Es erschien mir unmöglich, dass irgendjemand auf unsere lächerliche Verkleidung hereinfallen würde. Doch tatsächlich ließ uns die Polizistin ohne weitere Fragen ziehen, bevor sie damit begann, zwischen den Müllcontainern herumzustöbern. So schnell und unauffällig wir konnten, machten wir uns davon.
»Das ist ja gerade noch einmal gut gegangen«, seufzte Mülltoni nach einer Weile. Er strich sich erneut über den falschen Bart.
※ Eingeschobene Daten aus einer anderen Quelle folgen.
text \<open>\<pi>_{\<chi>,\<omega>}: the maximal \<chi>-intervals on which \<omega> (the algebra index k) is constant.\<close>
definition pi_chi_omega :: "'a letter list \<Rightarrow> nat set set" where
  "pi_chi_omega w =
     (let n = length w; ord = chi_order w; om = (\<lambda>t. fst (w ! (ord ! t))) in
      {V. \<exists>a b. a \<le> b \<and> b < n \<and> V = (\<lambda>t. ord ! t) ` {a..b} \<and>
              (\<forall>t\<in>{a..b}. om t = om a) \<and>
              (a = 0 \<or> om (a - 1) \<noteq> om a) \<and>
              (b = n - 1 \<or> om (b + 1) \<noteq> om a)})"

text \<open>The c-bi-free product (\<Phi>,\<Psi>) of (\<phi>_1~, \<delta>_1) and (\<phi>_2~, \<phi>_2~), where \<phi>_k is the
restriction of \<phi> \<circ> \<iota> to the free product of A k Lft and A k Rgt and ~ denotes unital
extension to the unitization.  Restrictions are stated on pure words (which, together with
linearity and unit deletion, determine the functionals on the unitized free products).\<close>

definition bimonotone_cbifree_pair ::
  "(complex \<Rightarrow> 'a::ring_1 \<Rightarrow> 'a) \<Rightarrow> ('a \<Rightarrow> complex) \<Rightarrow> (nat \<Rightarrow> side \<Rightarrow> 'a set)
   \<Rightarrow> ('a letter list \<Rightarrow> complex) \<Rightarrow> ('a letter list \<Rightarrow> complex) \<Rightarrow> bool" where
  "bimonotone_cbifree_pair sc \<phi> A \<Phi> \<Psi> \<longleftrightarrow>
     free_prod_functional sc A \<Phi> \<and> free_prod_functional sc A \<Psi> \<and>
     \<Phi> [] = 1 \<and> \<Psi> [] = 1 \<and>
     \<comment> \<open>restriction of \<Phi> to the k-th unitized pair is \<phi>_k~\<close>
     (\<forall>k\<in>{1, 2}. \<forall>w. valid_word A w \<and> pure_word w \<and> w \<noteq> [] \<and> (\<forall>l\<in>set w. fst l = k)
         \<longrightarrow> \<Phi> w = \<phi> (word_prod w)) \<and>
     \<comment> \<open>restriction of \<Psi> to the first unitized pair is \<delta>_1\<close>
     (\<forall>w. valid_word A w \<and> pure_word w \<and> w \<noteq> [] \<and> (\<forall>l\<in>set w. fst l = 1)
         \<longrightarrow> \<Psi> w = 0) \<and>
     \<comment> \<open>restriction of \<Psi> to the second unitized pair is \<phi>_2~\<close>
     (\<forall>w. valid_word A w \<and> pure_word w \<and> w \<noteq> [] \<and> (\<forall>l\<in>set w. fst l = 2)
         \<longrightarrow> \<Psi> w = \<phi> (word_prod w)) \<and>
     \<comment> \<open>c-bi-free condition\<close>
     (\<forall>w. valid_word A w \<and> w \<noteq> [] \<and> (\<forall>V\<in>pi_chi_omega w. \<Psi> (nths w V) = 0)
         \<longrightarrow> \<Psi> w = 0 \<and> \<Phi> w = (\<Prod>V\<in>pi_chi_omega w. \<Phi> (nths w V)))"

text \<open>Bi-monotonic independence of (A 1 Lft, A 1 Rgt) and (A 2 Lft, A 2 Rgt) (order 1 < 2):
\<phi> \<circ> \<iota> equals the bi-monotonic product, i.e. the restriction of \<Phi> to the non-unital free
product, which is spanned by the pure words.\<close>

definition bimonotone_independent ::
  "(complex \<Rightarrow> 'a::ring_1 \<Rightarrow> 'a) \<Rightarrow> ('a \<Rightarrow> complex) \<Rightarrow> (nat \<Rightarrow> side \<Rightarrow> 'a set) \<Rightarrow> bool" where
  "bimonotone_independent sc \<phi> A \<longleftrightarrow>
     (\<exists>\<Phi> \<Psi>. bimonotone_cbifree_pair sc \<phi> A \<Phi> \<Psi> \<and>
        (\<forall>w. valid_word A w \<and> pure_word w \<and> w \<noteq> [] \<longrightarrow> \<phi> (word_prod w) = \<Phi> w))"

end

theory Submission
  imports Defs
begin

text \<open>
  In the c-bi-free product \<open>(\<Phi>, \<Psi>)\<close> defining the bi-monotonic product, \<open>\<Psi>\<close> vanishes on the
  first pair and agrees with \<open>\<phi>\<close> on the second.  Hence every word whose letters are
  \<open>x \<in> A\<^sub>1\<^sub>\<ell>\<close> and centred elements \<open>a - \<phi>(a)\<close>, \<open>b - \<phi>(b)\<close> of the second pair, alternating
  in the \<open>\<chi>\<close>-order, is annihilated by \<open>\<Phi>\<close>; expanding gives \<open>\<phi>(b a x) = \<phi>(b) \<phi>(a) \<phi>(x)\<close>.
  Shifting \<open>a\<close> and \<open>b\<close> by scalars so that \<open>\<Phi>\<close> and \<open>\<Psi>\<close> vanish on their product and using
  the block \<open>{a, b}\<close> instead gives \<open>\<phi>(x a b) = \<phi>(x) \<phi>(a b)\<close>.  Applied to \<open>x\<^sup>*\<close>, the two
  identities are adjoint to each other, because a state satisfies \<open>\<phi>(y\<^sup>*) = \<phi>(y)\<^sup>*\<close>; this yields
  \<open>\<phi>(x) \<phi>(a b)\<^sup>* = \<phi>(x) (\<phi>(a) \<phi>(b))\<^sup>*\<close>, and \<open>\<phi>(x) \<noteq> 0\<close> can be cancelled.  The identity for
  \<open>b a\<close> follows by taking adjoints once more.
\<close>

lemma nths_singleton_index: "i < length xs \<Longrightarrow> nths xs {i} = [xs ! i]"
proof (induction xs arbitrary: i)
  case (Cons x xs)
  then show ?case by (cases i) (auto simp: nths_Cons)
qed simp

lemma length_chi_order: "length (chi_order w) = length w"
proof -
  have "\<And>s::side. (s = Rgt) = (s \<noteq> Lft)" by (metis side.exhaust side.distinct(1))
  then show ?thesis by (simp add: chi_order_def sum_length_filter_compl)
qed

lemma set_chi_order: "set (chi_order w) = {..<length w}"
  using side.exhaust by (auto simp: chi_order_def)

definition chi_alternating :: "'a letter list \<Rightarrow> bool" where
  "chi_alternating w \<longleftrightarrow>
     (\<forall>t. Suc t < length w \<longrightarrow> fst (w ! (chi_order w ! t)) \<noteq> fst (w ! (chi_order w ! Suc t)))"

lemma pi_chi_omega_alternating:
  assumes "chi_alternating w"
  shows "pi_chi_omega w = (\<lambda>t. {chi_order w ! t}) ` {..<length w}"
proof -
  let ?n = "length w"
  let ?o = "chi_order w"
  let ?om = "\<lambda>t. fst (w ! (?o ! t))"
  have step: "\<And>t. Suc t < ?n \<Longrightarrow> ?om t \<noteq> ?om (Suc t)"
    using assms by (simp add: chi_alternating_def)
  show ?thesis
  proof (rule set_eqI, rule iffI)
    fix V assume "V \<in> pi_chi_omega w"
    then obtain a b where ab: "a \<le> b" "b < ?n" "V = (\<lambda>t. ?o ! t) ` {a..b}"
      and const: "\<forall>t\<in>{a..b}. ?om t = ?om a"
      unfolding pi_chi_omega_def Let_def by blast
    have "a = b"
    proof (rule ccontr)
      assume "a \<noteq> b"
      then have "Suc a \<in> {a..b}" "Suc a < ?n" using ab by auto
      then show False using const step[of a] by metis
    qed
    then show "V \<in> (\<lambda>t. {?o ! t}) ` {..<?n}" using ab by auto
  next
    fix V assume "V \<in> (\<lambda>t. {?o ! t}) ` {..<?n}"
    then obtain t where t: "t < ?n" "V = {?o ! t}" by auto
    have "t = 0 \<or> ?om (t - 1) \<noteq> ?om t"
      using step[of "t - 1"] t by (cases t) auto
    moreover have "t = ?n - 1 \<or> ?om (t + 1) \<noteq> ?om t"
      using step[of t] t by (cases "Suc t < ?n") auto
    ultimately show "V \<in> pi_chi_omega w"
      unfolding pi_chi_omega_def Let_def using t by (auto intro!: exI[of _ t])
  qed
qed

lemma ex_interval_below_3:
  "(\<exists>a b::nat. a \<le> b \<and> b < 3 \<and> P a b) \<longleftrightarrow> P 0 0 \<or> P 0 1 \<or> P 0 2 \<or> P 1 1 \<or> P 1 2 \<or> P 2 2"
proof
  assume "\<exists>a b::nat. a \<le> b \<and> b < 3 \<and> P a b"
  then obtain a b :: nat where "a \<le> b" "b < 3" "P a b" by blast
  then show "P 0 0 \<or> P 0 1 \<or> P 0 2 \<or> P 1 1 \<or> P 1 2 \<or> P 2 2"
    by (cases a; cases b) (auto simp: numeral_3_eq_3 numeral_2_eq_2 less_Suc_eq le_Suc_eq)
next
  assume "P 0 0 \<or> P 0 1 \<or> P 0 2 \<or> P 1 1 \<or> P 1 2 \<or> P 2 2"
  then show "\<exists>a b::nat. a \<le> b \<and> b < 3 \<and> P a b"
    by (elim disjE) (intro exI conjI[rotated], assumption, simp, simp)+
qed

lemma pi_chi_omega_left_left_right:
  assumes "fst p \<noteq> fst q" "fst q = fst r"
    and "fst (snd p) = Lft" "fst (snd q) = Lft" "fst (snd r) = Rgt"
  shows "pi_chi_omega [p, q, r] = {{0}, {1, 2}}"
proof -
  have order: "chi_order [p, q, r] = [0, 1, 2]" using assms by (simp add: chi_order_def upt_rec)
  have len: "length [p, q, r] = 3" by simp
  have "pi_chi_omega [p, q, r] = {V. V = {0} \<or> V = {1, 2}}"
    unfolding pi_chi_omega_def Let_def order len ex_interval_below_3
    using assms by (simp add: numeral_2_eq_2 atLeastAtMostSuc_conv insert_commute)
  then show ?thesis by auto
qed

lemma free_prod_functional_unit_split:
  assumes F: "free_prod_functional sc A F" and sc_zero: "\<And>c. sc c 0 = 0"
    and k: "k \<in> {1, 2}" and "0 \<in> A k s" "y \<in> A k s" and uv: "valid_word A u" "valid_word A v"
  shows "F (u @ (k, s, c, y) # v) = F (u @ (k, s, 0, y) # v) + c * F (u @ v)"
proof -
  have "valid_letter A (k, s, 0, y)" "valid_letter A (k, s, 1, 0)"
    using assms(3-5) by (simp_all add: valid_letter_def)
  then have "F (u @ [(k, s, 0 + c * 1, y + sc c 0)] @ v)
      = F (u @ [(k, s, 0, y)] @ v) + c * F (u @ [(k, s, 1, 0)] @ v)"
    using F[unfolded free_prod_functional_def, THEN conjunct1, rule_format, of u v k s 0 y 1 0 c] uv
    by blast
  moreover have "F (u @ [(k, s, 1, 0)] @ v) = F (u @ v)"
    using F[unfolded free_prod_functional_def, THEN conjunct2, THEN conjunct2, rule_format, of u v k s] k uv
    by blast
  ultimately show ?thesis by (simp add: sc_zero)
qed

lemma chi_alternating_two_letters:
  assumes "fst p \<noteq> fst q"
  shows "chi_alternating [p, q]"
  using assms
  by (cases "fst (snd p)"; cases "fst (snd q)") (simp_all add: chi_alternating_def chi_order_def upt_rec)

lemma star_algebra_scale_zero: "star_algebra sc st \<Longrightarrow> sc c 0 = 0"
  unfolding star_algebra_def by (metis add_cancel_right_right)

lemma star_algebra_star_mult: "star_algebra sc st \<Longrightarrow> st (x * y) = st y * st x"
  and star_algebra_star_star: "star_algebra sc st \<Longrightarrow> st (st x) = x"
  unfolding star_algebra_def by blast+
lemma Omega_has_sum:
  assumes "x \<in> Omega n a c"
  shows "((\<lambda>i. a i * x i) has_sum 1) (Idx n)"
proof -
  have "(\<lambda>i. a i * x i) summable_on Idx n" "(\<Sum>\<^sub>\<infinity>i\<in>Idx n. a i * x i) = 1"
    using assms by (simp_all add: Omega_def)
  then show ?thesis by (metis has_sum_infsum)
qed

definition strict_minimiser :: "enat \<Rightarrow> (nat \<Rightarrow> real) \<Rightarrow> real \<Rightarrow> real \<Rightarrow> (nat \<Rightarrow> real) \<Rightarrow> bool" where
  "strict_minimiser n a c b y \<longleftrightarrow>
     y \<in> Omega n a c \<and> (\<forall>x\<in>Omega n a c. x \<noteq> y \<longrightarrow> objF n b y < objF n b x)"

lemma strict_minimiser_infval:
  assumes "strict_minimiser n a c b y"
  shows "infval n a c b = objF n b y"
  unfolding infval_def
proof (rule antisym)
  show "(INF x\<in>Omega n a c. objF n b x) \<le> objF n b y"
    using assms by (intro INF_lower) (simp add: strict_minimiser_def)
  show "objF n b y \<le> (INF x\<in>Omega n a c. objF n b x)"
    using assms by (intro INF_greatest) (metis order.refl less_imp_le strict_minimiser_def)
qed

lemma strict_minimiser_characterisation:
  assumes "strict_minimiser n a c b y"
  shows "x \<in> Omega n a c \<and> (\<forall>i. 0 \<le> x i) \<and> objF n b x = infval n a c b \<longleftrightarrow> x = y"
  using assms Omega_nonneg strict_minimiser_infval[OF assms]
  by (auto simp: strict_minimiser_def)

lemma strict_minimiser_xopt:
  assumes "strict_minimiser n a c b y"
  shows "xopt n a c b = y"
  unfolding xopt_def strict_minimiser_characterisation[OF assms] by simp

lemma strict_minimiser_ex1:
  assumes "strict_minimiser n a c b y"
  shows "\<exists>!x. x \<in> Omega n a c \<and> (\<forall>i. 0 \<le> x i) \<and> objF n b x = infval n a c b"
  unfolding strict_minimiser_characterisation[OF assms] by simp

section \<open>Weights, tail sums and thresholds\<close>

locale entropy_weights =
  fixes n :: enat and a :: "nat \<Rightarrow> real" and c :: real
  assumes two_le_n: "2 \<le> n"
    and a_pos: "i \<in> Idx n \<Longrightarrow> 0 < a i"
    and a_antimono: "i \<in> Idx n \<Longrightarrow> j \<in> Idx n \<Longrightarrow> i \<le> j \<Longrightarrow> a j \<le> a i"
    and a_summable: "a summable_on Idx n"
    and a_sum_le_1: "(\<Sum>\<^sub>\<infinity>i\<in>Idx n. a i) \<le> 1"
    and eta_summable: "(\<lambda>i. eta (a i)) summable_on Idx n"
    and c_nonneg: "0 \<le> c"
begin
(* Let $\Gamma$, $\varepsilon$, $q$, $E$, $\{e_i:i\in I\}$, $p$, $\pi$ and $R$ be as follows: $\varepsilon$ is a commutation factor on the abelian group $\Gamma$ which can be written as $\varepsilon(\alpha,\beta)=(-1)^{\pi(\alpha)\pi(\beta)}\sigma(\alpha,\beta)/\sigma(\beta,\alpha)$ for some map $\sigma:\Gamma\times\Gamma\to\mathbb{C}\setminus\{0\}$; $E$ is a finite-dimensional $\Gamma$-graded complex vector space with homogeneous basis $\{e_i\}_{i\in I}$, $I$ totally ordered, $\deg e_i=p(i)$; and $R$ is the color Hecke $R$-matrix $$R(e_i\otimes e_j)=\begin{cases} q^{1-2\pi(p(i))}\varepsilon(p(i),p(i))\, e_i\otimes e_i, & i=j,\\ (q-q^{-1})e_i\otimes e_j+\varepsilon(p(i),p(j))\,e_j\otimes e_i, & i<j,\\ \varepsilon(p(i),p(j))\,e_j\otimes e_i,& i>j.\end{cases}$$ Let $\bar R$ be the super (i.e. $\mathbb{Z}_2$-graded) Hecke $R$-matrix on the same space with the $\mathbb{Z}_2$-grading $\delta=\pi\circ p$: $$\bar R(e_i\otimes e_j)=\begin{cases} (-1)^{\delta(i)}q^{1-2\delta(i)}\, e_i\otimes e_i, & i=j,\\ (q-q^{-1})e_i\otimes e_j+(-1)^{\delta(i)\delta(j)}e_j\otimes e_i, & i<j,\\ (-1)^{\delta(i)\delta(j)}e_j\otimes e_i,& i>j,\end{cases}$$ and let $F:E\otimes E\to E\otimes E$ be the invertible diagonal map $F(e_i\otimes e_j)=\sigma(p(i),p(j))\,e_i\otimes e_j$. Then $R=F^{-1}\circ\bar R\circ F$; that is, the color Hecke $R$-matrix is obtained from the $\mathbb{Z}_2$-graded Hecke $R$-matrix by the twist determined by $\sigma$ (equivalently, by tensoring with the color exchange operator $\rho_\alpha\otimes\rho_\beta\mapsto \frac{\sigma(\alpha,\beta)}{\sigma(\beta,\alpha)}\rho_\beta\otimes\rho_\alpha$ on the degree-tracking factors).
   Context: A commutation factor on $\Gamma$ is a map $\varepsilon:\Gamma\times\Gamma\to\mathbb{C}\setminus\{0\}$ with $\varepsilon(\alpha,\beta)\varepsilon(\beta,\alpha)=1$ and $\varepsilon(\alpha+\beta,\gamma)=\varepsilon(\alpha,\gamma)\varepsilon(\beta,\gamma)$. $\pi:\Gamma\to\{0,1\}$ is defined by $\pi(\alpha)=0$ if $\varepsilon(\alpha,\alpha)=1$ and $\pi(\alpha)=1$ if $\varepsilon(\alpha,\alpha)=-1$; $\Gamma_0=\pi^{-1}(0)$ is a subgroup of index at most 2 and $\pi$ is the quotient map $\Gamma\to\Gamma/\Gamma_0\subseteq\mathbb{Z}_2$. $q\in\mathbb{C}\setminus\{0\}$. *)

theory Defs
  imports Complex_Main
begin

definition commutation_factor :: "('g::ab_group_add \<Rightarrow> 'g \<Rightarrow> complex) \<Rightarrow> bool" where
  "commutation_factor \<epsilon> \<longleftrightarrow>
     (\<forall>a b. \<epsilon> a b \<noteq> 0) \<and>
     (\<forall>a b. \<epsilon> a b * \<epsilon> b a = 1) \<and>
     (\<forall>a b c. \<epsilon> (a + b) c = \<epsilon> a c * \<epsilon> b c)"

definition par :: "('g \<Rightarrow> 'g \<Rightarrow> complex) \<Rightarrow> 'g \<Rightarrow> nat" where
  "par \<epsilon> a = (if \<epsilon> a a = 1 then 0 else 1)"

text \<open>Linear operators on E (x) E, with E having basis e_i indexed by a finite
  linearly ordered type 'i, are represented by their matrices:
  T (i,j) is the coefficient vector of T(e_i (x) e_j) in the basis e_k (x) e_l.\<close>
type_synonym 'i op2 = "'i \<times> 'i \<Rightarrow> 'i \<times> 'i \<Rightarrow> complex"

text \<open>Composition: (comp2 A B) = A after B.\<close>
definition comp2 :: "('i::finite) op2 \<Rightarrow> 'i op2 \<Rightarrow> 'i op2" where
  "comp2 A B x = (\<lambda>z. \<Sum>y\<in>UNIV. B x y * A y z)"

definition colorR :: "complex \<Rightarrow> ('g::ab_group_add \<Rightarrow> 'g \<Rightarrow> complex) \<Rightarrow> ('i::linorder \<Rightarrow> 'g) \<Rightarrow> 'i op2" where
  "colorR q \<epsilon> p = (\<lambda>(i,j) z.
     if i = j then (if z = (i,i) then q powi (1 - 2 * int (par \<epsilon> (p i))) * \<epsilon> (p i) (p i) else 0)
     else if i < j then (if z = (i,j) then q - inverse q else 0)
                       + (if z = (j,i) then \<epsilon> (p i) (p j) else 0)
     else (if z = (j,i) then \<epsilon> (p i) (p j) else 0))"

definition superR :: "complex \<Rightarrow> ('i::linorder \<Rightarrow> nat) \<Rightarrow> 'i op2" where
  "superR q \<delta> = (\<lambda>(i,j) z.
     if i = j then (if z = (i,i) then (-1) ^ \<delta> i * q powi (1 - 2 * int (\<delta> i)) else 0)
     else if i < j then (if z = (i,j) then q - inverse q else 0)
                       + (if z = (j,i) then (-1) ^ (\<delta> i * \<delta> j) else 0)
     else (if z = (j,i) then (-1) ^ (\<delta> i * \<delta> j) else 0))"

definition twistF :: "('g \<Rightarrow> 'g \<Rightarrow> complex) \<Rightarrow> ('i \<Rightarrow> 'g) \<Rightarrow> 'i op2" where
  "twistF \<sigma> p = (\<lambda>(i,j) z. if z = (i,j) then \<sigma> (p i) (p j) else 0)"

definition twistF_inv :: "('g \<Rightarrow> 'g \<Rightarrow> complex) \<Rightarrow> ('i \<Rightarrow> 'g) \<Rightarrow> 'i op2" where
  "twistF_inv \<sigma> p = (\<lambda>(i,j) z. if z = (i,j) then inverse (\<sigma> (p i) (p j)) else 0)"

end

theory Submission
  imports Defs
begin

text \<open>Conjugating by the diagonal twist multiplies the matrix entry from \<open>e\<^sub>i \<otimes> e\<^sub>j\<close> to
  \<open>e\<^sub>k \<otimes> e\<^sub>l\<close> by \<open>\<sigma>(p i, p j) / \<sigma>(p k, p l)\<close>. Both Hecke matrices only have entries at
  \<open>(k,l) = (i,j)\<close>, where this factor is 1, and at \<open>(k,l) = (j,i)\<close>, where it turns the super
  sign \<open>(-1)^(\<delta> i * \<delta> j)\<close> into \<open>\<epsilon>(p i, p j)\<close> by the assumed factorisation of \<open>\<epsilon>\<close>.\<close>

lemma comp2_twistF_right:
  "comp2 A (twistF \<sigma> p) (i, j) z = \<sigma> (p i) (p j) * A (i, j) z"
proof -
  have "comp2 A (twistF \<sigma> p) (i, j) z
      = (\<Sum>y\<in>UNIV. if y = (i, j) then \<sigma> (p i) (p j) * A y z else 0)"
    unfolding comp2_def by (rule sum.cong) (auto simp: twistF_def)
  then show ?thesis by simp
qed

lemma comp2_twistF_inv_left:
  "comp2 (twistF_inv \<sigma> p) B x (k, l) = B x (k, l) / \<sigma> (p k) (p l)"
proof -
  have "comp2 (twistF_inv \<sigma> p) B x (k, l)
      = (\<Sum>y\<in>UNIV. if y = (k, l) then B x y / \<sigma> (p k) (p l) else 0)"
    unfolding comp2_def by (rule sum.cong) (auto simp: twistF_inv_def divide_inverse split: if_splits)
  then show ?thesis by simp
qed

lemma comp2_twist_conjugate:
  "comp2 (twistF_inv \<sigma> p) (comp2 A (twistF \<sigma> p)) (i, j) (k, l)
     = \<sigma> (p i) (p j) / \<sigma> (p k) (p l) * A (i, j) (k, l)"
  by (simp add: comp2_twistF_inv_left comp2_twistF_right)

lemma diagonal_of_factorisation:
  assumes "\<sigma> a a \<noteq> 0"
    and "\<epsilon> a a = (-1) ^ (par \<epsilon> a * par \<epsilon> a) * \<sigma> a a / \<sigma> a a"
  shows "\<epsilon> a a = (-1) ^ par \<epsilon> a"
proof -
  have "par \<epsilon> a * par \<epsilon> a = par \<epsilon> a"
    by (simp add: par_def)
  with assms show ?thesis
    by simp
qed

theorem mainTheorem4:
  fixes \<epsilon> \<sigma> :: "'g::ab_group_add \<Rightarrow> 'g \<Rightarrow> complex"
    and q :: complex
    and p :: "'i::{finite,linorder} \<Rightarrow> 'g"
  assumes "commutation_factor \<epsilon>"
    and "\<forall>a b. \<sigma> a b \<noteq> 0"
    and "\<forall>a b. \<epsilon> a b = (-1) ^ (par \<epsilon> a * par \<epsilon> b) * \<sigma> a b / \<sigma> b a"
    and "q \<noteq> 0"
  shows "colorR q \<epsilon> p = comp2 (twistF_inv \<sigma> p) (comp2 (superR q (\<lambda>i. par \<epsilon> (p i))) (twistF \<sigma> p))"
proof (intro ext)
  fix x z :: "'i \<times> 'i"
  obtain i j k l where x: "x = (i, j)" and z: "z = (k, l)" by fastforce
  have \<sigma>_nonzero: "\<sigma> a b \<noteq> 0" for a b
    using assms(2) by blast
  have \<epsilon>_factor: "\<epsilon> a b = (-1) ^ (par \<epsilon> a * par \<epsilon> b) * \<sigma> a b / \<sigma> b a" for a b
    using assms(3) by blast
  have \<epsilon>_diagonal: "\<epsilon> a a = (-1) ^ par \<epsilon> a" for a
    by (rule diagonal_of_factorisation[OF \<sigma>_nonzero \<epsilon>_factor])
  have "colorR q \<epsilon> p (i, j) (k, l)
      = \<sigma> (p i) (p j) / \<sigma> (p k) (p l) * superR q (\<lambda>i. par \<epsilon> (p i)) (i, j) (k, l)"
  proof (cases "i = j")
    case True
    then show ?thesis by (simp add: colorR_def superR_def \<epsilon>_diagonal \<sigma>_nonzero)
  next
    case False
    then show ?thesis by (auto simp: colorR_def superR_def \<epsilon>_factor \<sigma>_nonzero)
  qed
  then show "colorR q \<epsilon> p x z
      = comp2 (twistF_inv \<sigma> p) (comp2 (superR q (\<lambda>i. par \<epsilon> (p i))) (twistF \<sigma> p)) x z"
    unfolding x z comp2_twist_conjugate .
qed

end
(* Let $M$ be a circulant matrix over $\mathbb{Z}_4+u\mathbb{Z}_4$ of order $n-1$, and let $\alpha,\beta,\gamma\in\mathbb{Z}_4+u\mathbb{Z}_4$ with $\gamma=\pm\beta$. Let $G=[I_n\,|\,B]$, where $B$ is the $n\times n$ matrix whose first row is $(\alpha,\beta,\beta,\dots,\beta)$ and whose remaining rows are $(\gamma\,|\,\text{row } i \text{ of } M)$ for $i=1,\dots,n-1$, i.e. $B=\begin{pmatrix}\alpha & \beta\cdots\beta\\ \gamma\mathbf{1}^T & M\end{pmatrix}$ with $\mathbf{1}$ the all-ones vector of length $n-1$. Then $G$ generates a formally self-dual code of length $2n$ over $\mathbb{Z}_4+u\mathbb{Z}_4$ whose Gray image under $\phi$ is a formally self-dual code over $\mathbb{Z}_4$ of length $4n$.
   Context: $\mathbb{Z}_4+u\mathbb{Z}_4$ is the commutative ring of characteristic $4$ with $u^2=0$. A linear code over a ring $R$ is an $R$-submodule of $R^N$; duals are taken with respect to the Euclidean inner product $\sum_i x_iy_i$ in $R$. Lee weight on $\mathbb{Z}_4$: $0,1,2,1$ for $0,1,2,3$; on $\mathbb{Z}_4+u\mathbb{Z}_4$: $w_L(a+ub)=w_L(b)+w_L(a+b)$; extended additively to vectors. A linear code (over either ring) is formally self-dual if it has the same Lee weight enumerator as its dual. The Gray map $\phi:(\mathbb{Z}_4+u\mathbb{Z}_4)^{N}\to\mathbb{Z}_4^{2N}$ is $\phi(\overline{a}+u\overline{b})=(\overline{b},\overline{a}+\overline{b})$ for $\overline{a},\overline{b}\in\mathbb{Z}_4^N$. A circulant matrix is one in which each row is the cyclic right shift of the previous row. *)

theory Defs
  imports Main "HOL-Library.Numeral_Type" "HOL-Library.Product_Plus"
begin

text \<open>The ring Z4 + u Z4 (u^2 = 0): the element a + u b is represented by the pair (a, b)
  with a, b :: 4 (the integers mod 4).  Addition, zero, negation and subtraction are the
  componentwise operations on pairs (HOL-Library.Product_Plus); multiplication is
  (a + u b)(c + u d) = ac + u(ad + bc).\<close>

type_synonym zu4 = "4 \<times> 4"

definition zu_one :: zu4 where "zu_one = (1, 0)"

definition zu_mult :: "zu4 \<Rightarrow> zu4 \<Rightarrow> zu4" where
  "zu_mult x y = (fst x * fst y, fst x * snd y + snd x * fst y)"

definition vadd :: "'a::plus list \<Rightarrow> 'a list \<Rightarrow> 'a list" where
  "vadd x y = map2 (+) x y"

definition zu_smult :: "zu4 \<Rightarrow> zu4 list \<Rightarrow> zu4 list" where
  "zu_smult r x = map (zu_mult r) x"

definition z4_smult :: "4 \<Rightarrow> 4 list \<Rightarrow> 4 list" where
  "z4_smult r x = map ((*) r) x"

definition zu_inner :: "zu4 list \<Rightarrow> zu4 list \<Rightarrow> zu4" where
  "zu_inner x y = sum_list (map2 zu_mult x y)"

definition z4_inner :: "4 list \<Rightarrow> 4 list \<Rightarrow> 4" where
  "z4_inner x y = sum_list (map2 (*) x y)"

definition linear_code_zu :: "nat \<Rightarrow> zu4 list set \<Rightarrow> bool" where
  "linear_code_zu N C \<longleftrightarrow> C \<subseteq> {v. length v = N} \<and> replicate N 0 \<in> C \<and>
     (\<forall>x\<in>C. \<forall>y\<in>C. vadd x y \<in> C) \<and> (\<forall>r. \<forall>x\<in>C. zu_smult r x \<in> C)"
Irgendwie schien er Gefallen daran gefunden zu haben.
Ich riss mir die Perücke vom Kopf und warf sie mitsamt des improvisierten Fächers in den nächsten Mülleimer. »Würdest du mir jetzt endlich verraten, worum es hier eigentlich geht?«, fragte ich genervt.
Mülltoni schwieg. Ich starrte ihn ohne Unterlass an. Diesmal war ich nicht bereit, die Sache auf sich beruhen zu lassen.
»Na gut«, murmelte mein Freund schließlich. »Ich hatte mal was mit der Frau des Polizeichefs. Das hat diesem eifersüchtigen Typen nicht gefallen. Deshalb hat er seine Lakaien auf mich angesetzt…«
»Du… die Frau des Polizeichefs…«, stammelte ich verwirrt.
»Ja, das waren noch Zeiten. Wir waren jung und dumm«, sinnierte Mülltoni mit verträumtem Gesichtsausdruck. »Aber das tut nichts zur Sache. Da wir diese Typen jetzt endlich los sind: Wolltest du nicht Kresse kaufen?«
Ich nickte verdrießlich. Nun, da die Aufregung nachließ, hatte ich eigentlich keine große Lust mehr, meinen Auftrag zu erfüllen.